PRINCETON, N.J.--(BUSINESS WIRE)-- Bristol-Myers Squibb Company (NYSE: BMY) today announced that the European Commission (EC) has approved Sprycel (dasatinib) in combination with chemotherapy for the treatment of pediatric patients with newly diagnosed Philadelphia chromosome-positive (Ph+) acute lymphoblastic leukemia (ALL). This is the second pediatric leukemia indication for Sprycel in Europe. The approval includes both the tablet form of Sprycel and, in a first for pediatric patients with ALL in Europe, the powder for oral suspension (PFOS) formulation of Sprycel.
"We are proud that the approval by the European Commission brings children with Ph+ acute lymphoblastic leukemia a new treatment option, including a powder formulation developed as part of our commitment to addressing the unique needs of children with cancer," said Fouad Namouni, M.D., head, oncology development, Bristol-Myers Squibb.
The approval is based on data from CA180-372 (NCT01460160), a Phase 2 trial which evaluated the addition of Sprycel to a chemotherapy regimen modeled on a Berlin-Frankfurt-Munster high-risk backbone in pediatric patients with newly diagnosed Ph+ ALL. Results from the CA180-372 trial presented at the 2017 American Society of Hematology Annual Meeting showed that at three years, the combination of Sprycel and chemotherapy demonstrated an event-free survival (EFS) rate, the study's primary endpoint, of 65.5% (95% CI: 57.7 to 73.7), and an overall survival (OS) rate of 91.5% (95% CI: 84.2 to 95.5).
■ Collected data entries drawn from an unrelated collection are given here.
definition qpoch_inf :: "complex \<Rightarrow> complex \<Rightarrow> complex" where
  "qpoch_inf a q = prodinf (\<lambda>i. 1 - a * q ^ i)"

definition qpoch :: "complex \<Rightarrow> complex \<Rightarrow> nat \<Rightarrow> complex" where
  "qpoch a q m = (\<Prod>i<m. (1 - a * q ^ i))"

definition pairs_lt :: "nat \<Rightarrow> (nat \<times> nat) set" where
  "pairs_lt n = {(i, j). i < j \<and> j < n}"

text \<open>The coefficient h_eta(x;q,t); variables x_1..x_n are x 0 .. x (n-1),
  so the factor t^((i-1) eta_i) becomes t^(i * eta i) with 0-based i.\<close>
definition h_eta :: "nat \<Rightarrow> (nat \<Rightarrow> nat) \<Rightarrow> (nat \<Rightarrow> complex) \<Rightarrow> real \<Rightarrow> real \<Rightarrow> complex" where
  "h_eta n \<eta> x q t =
    (let Q = complex_of_real q; T = complex_of_real t in
     (\<Prod>i<n. T ^ (i * \<eta> i) * qpoch_inf T Q * qpoch_inf (Q ^ (\<eta> i + 1)) Q
              / (qpoch_inf (T * Q ^ \<eta> i) Q * qpoch_inf Q Q)) *
     (\<Prod>(i, j)\<in>pairs_lt n.
        qpoch_inf (Q powi (int (\<eta> i) - int (\<eta> j)) * x i / x j) Q
        * qpoch_inf (Q powi (1 - int (\<eta> j)) / T * x i / x j) Q
        * qpoch_inf (T * x i / x j) Q
        * qpoch_inf (Q ^ (1 + \<eta> i) * x i / x j) Q
      / (qpoch_inf (Q powi (- int (\<eta> j)) * x i / x j) Q
        * qpoch_inf (Q / T * x i / x j) Q
        * qpoch_inf (T * Q ^ \<eta> i * x i / x j) Q
        * qpoch_inf (Q powi (1 + int (\<eta> i) - int (\<eta> j)) * x i / x j) Q)))"

end

theory Submission
  imports Defs
begin

(* Splitting every infinite product as (a;q)_inf = (a;q)_m (a q^m;q)_inf makes all infinite
   products in h_eta cancel, leaving finite q-Pochhammer symbols. Those containing the negative
   power q^(-b) are turned around by the reflection (q^(1-b) w;q)_b = (-w)^b q^(-b(b-1)/2) (1/w;q)_b:
   for a pair i < j this produces the factor (t x_j/x_i;q)_(eta j) / (q x_j/x_i;q)_(eta j) of the
   opposite ordering together with t^(-eta j), and over all pairs these powers of t cancel the
   prefactor prod_i t^((i-1) eta_i). *)

lemma convergent_prod_qpoch:
  fixes a q :: complex
  assumes "norm q < 1"
  shows "convergent_prod (\<lambda>i. 1 - a * q ^ i)"
proof -
  have "summable (\<lambda>i. norm a * norm q ^ i)"
    using assms by (intro summable_mult summable_geometric) auto
  then have "summable (\<lambda>i. norm ((1 - a * q ^ i) - 1))"
    by (simp add: norm_mult norm_power)
  then show ?thesis
    by (intro abs_convergent_prod_imp_convergent_prod summable_imp_abs_convergent_prod)
qed

lemma qpoch_inf_split:
  fixes a q :: complex
  assumes "norm q < 1"
  shows "qpoch_inf a q = qpoch a q m * qpoch_inf (a * q ^ m) q"
proof -
  have "(\<lambda>i. 1 - a * q ^ i) has_prod ((\<Prod>k<m. 1 - a * q ^ k) * (\<Prod>k. 1 - a * q ^ (k + m)))"
    by (rule has_prod_ignore_initial_segment'[OF convergent_prod_qpoch[OF assms]])
  moreover have "(\<lambda>k. 1 - a * q ^ (k + m)) = (\<lambda>k. 1 - a * q ^ m * q ^ k)"
    by (auto simp: power_add algebra_simps)
  ultimately show ?thesis
    unfolding qpoch_inf_def qpoch_def using has_prod_unique by metis
qed

lemma qpoch_nonzero_if_qpoch_inf_nonzero:
  fixes a q :: complex
  assumes "norm q < 1" "qpoch_inf a q \<noteq> 0"
  shows "qpoch a q m \<noteq> 0"
  using assms qpoch_inf_split[of q a m] by auto

lemma qpoch_inf_nonzero:
  fixes a q :: complex
  assumes "norm q < 1" "norm a < 1"
  shows "qpoch_inf a q \<noteq> 0"
  unfolding qpoch_inf_def
proof (intro prodinf_nonzero convergent_prod_qpoch assms)
  fix i
  have "norm (a * q ^ i) \<le> norm a"
    using assms by (simp add: norm_mult norm_power mult_left_le power_le_one)
  then show "1 - a * q ^ i \<noteq> 0"
    using assms(2) by auto
qed

lemma qpoch_add: "qpoch a q (m + k) = qpoch a q m * qpoch (a * q ^ m) q k"
  unfolding qpoch_def
  by (induction k) (simp_all add: power_add mult_ac)

lemma qpoch_reflect:
  fixes c q w :: complex
  assumes c: "c * q ^ b = 1" and "q \<noteq> 0" "w \<noteq> 0"
  shows "qpoch (c * q * w) q b = (- w) ^ b / (\<Prod>k<b. q ^ k) * qpoch (1 / w) q b"
proof -
  have "qpoch (c * q * w) q b = (\<Prod>k<b. 1 - c * q * w * q ^ (b - Suc k))"
    unfolding qpoch_def by (rule prod.nat_diff_reindex[symmetric])
  also have "\<dots> = (\<Prod>k<b. (- w / q ^ k) * (1 - 1 / w * q ^ k))"
  proof (rule prod.cong[OF refl])
    fix k assume "k \<in> {..<b}"
    then have "q ^ b = q * q ^ (b - Suc k) * q ^ k"
      by (simp flip: power_Suc power_add)
    then have "c * q * q ^ (b - Suc k) = 1 / q ^ k"
      using c assms by (simp add: field_simps)
    then show "1 - c * q * w * q ^ (b - Suc k) = (- w / q ^ k) * (1 - 1 / w * q ^ k)"
      using assms by (simp add: field_simps)
  qed
  also have "\<dots> = (- w) ^ b / (\<Prod>k<b. q ^ k) * qpoch (1 / w) q b"
    unfolding qpoch_def prod.distrib prod_dividef by simp
  finally show ?thesis .
qed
The safety profile of Sprycel administered in combination with chemotherapy in pediatric patients with Ph+ ALL in the CA180-372 trial was consistent with the known safety profile of Sprycel in adults with Ph+ ALL and the known safety profile of the chemotherapy regimen. Primary toxicities of any causality included hematological toxicity such as grade 3or 4 febrile neutropenia (75.5%), sepsis (23.6%) and bacteremia (24.5%). Non-hematologic, non-infectious grade 3 or 4 adverse events (AEs) attributed to Sprycel and reported in more than 10% of patients were limited to elevated alanine aminotransferase (21.7%) and aspartate transaminase (10.4%). Other grade 3 or 4 AEs attributed to Sprycel were pleural effusion (3.8%), edema (2.8%), hemorrhage (5.7%) and cardiac failure (0.8%). No events of pulmonary hypertension or pulmonary arterial hypertension were reported.
Patients treated in the study (n=106), all aged younger than 18 years, received Sprycel at a daily dose of 60 mg/m2 on a continuous dosing regimen for up to 24 months, in combination with chemotherapy. Seventy-seven percent of patients (N=82) received Sprycel tablets exclusively, and 23% of patients (N=24) received Sprycel PFOS at least once.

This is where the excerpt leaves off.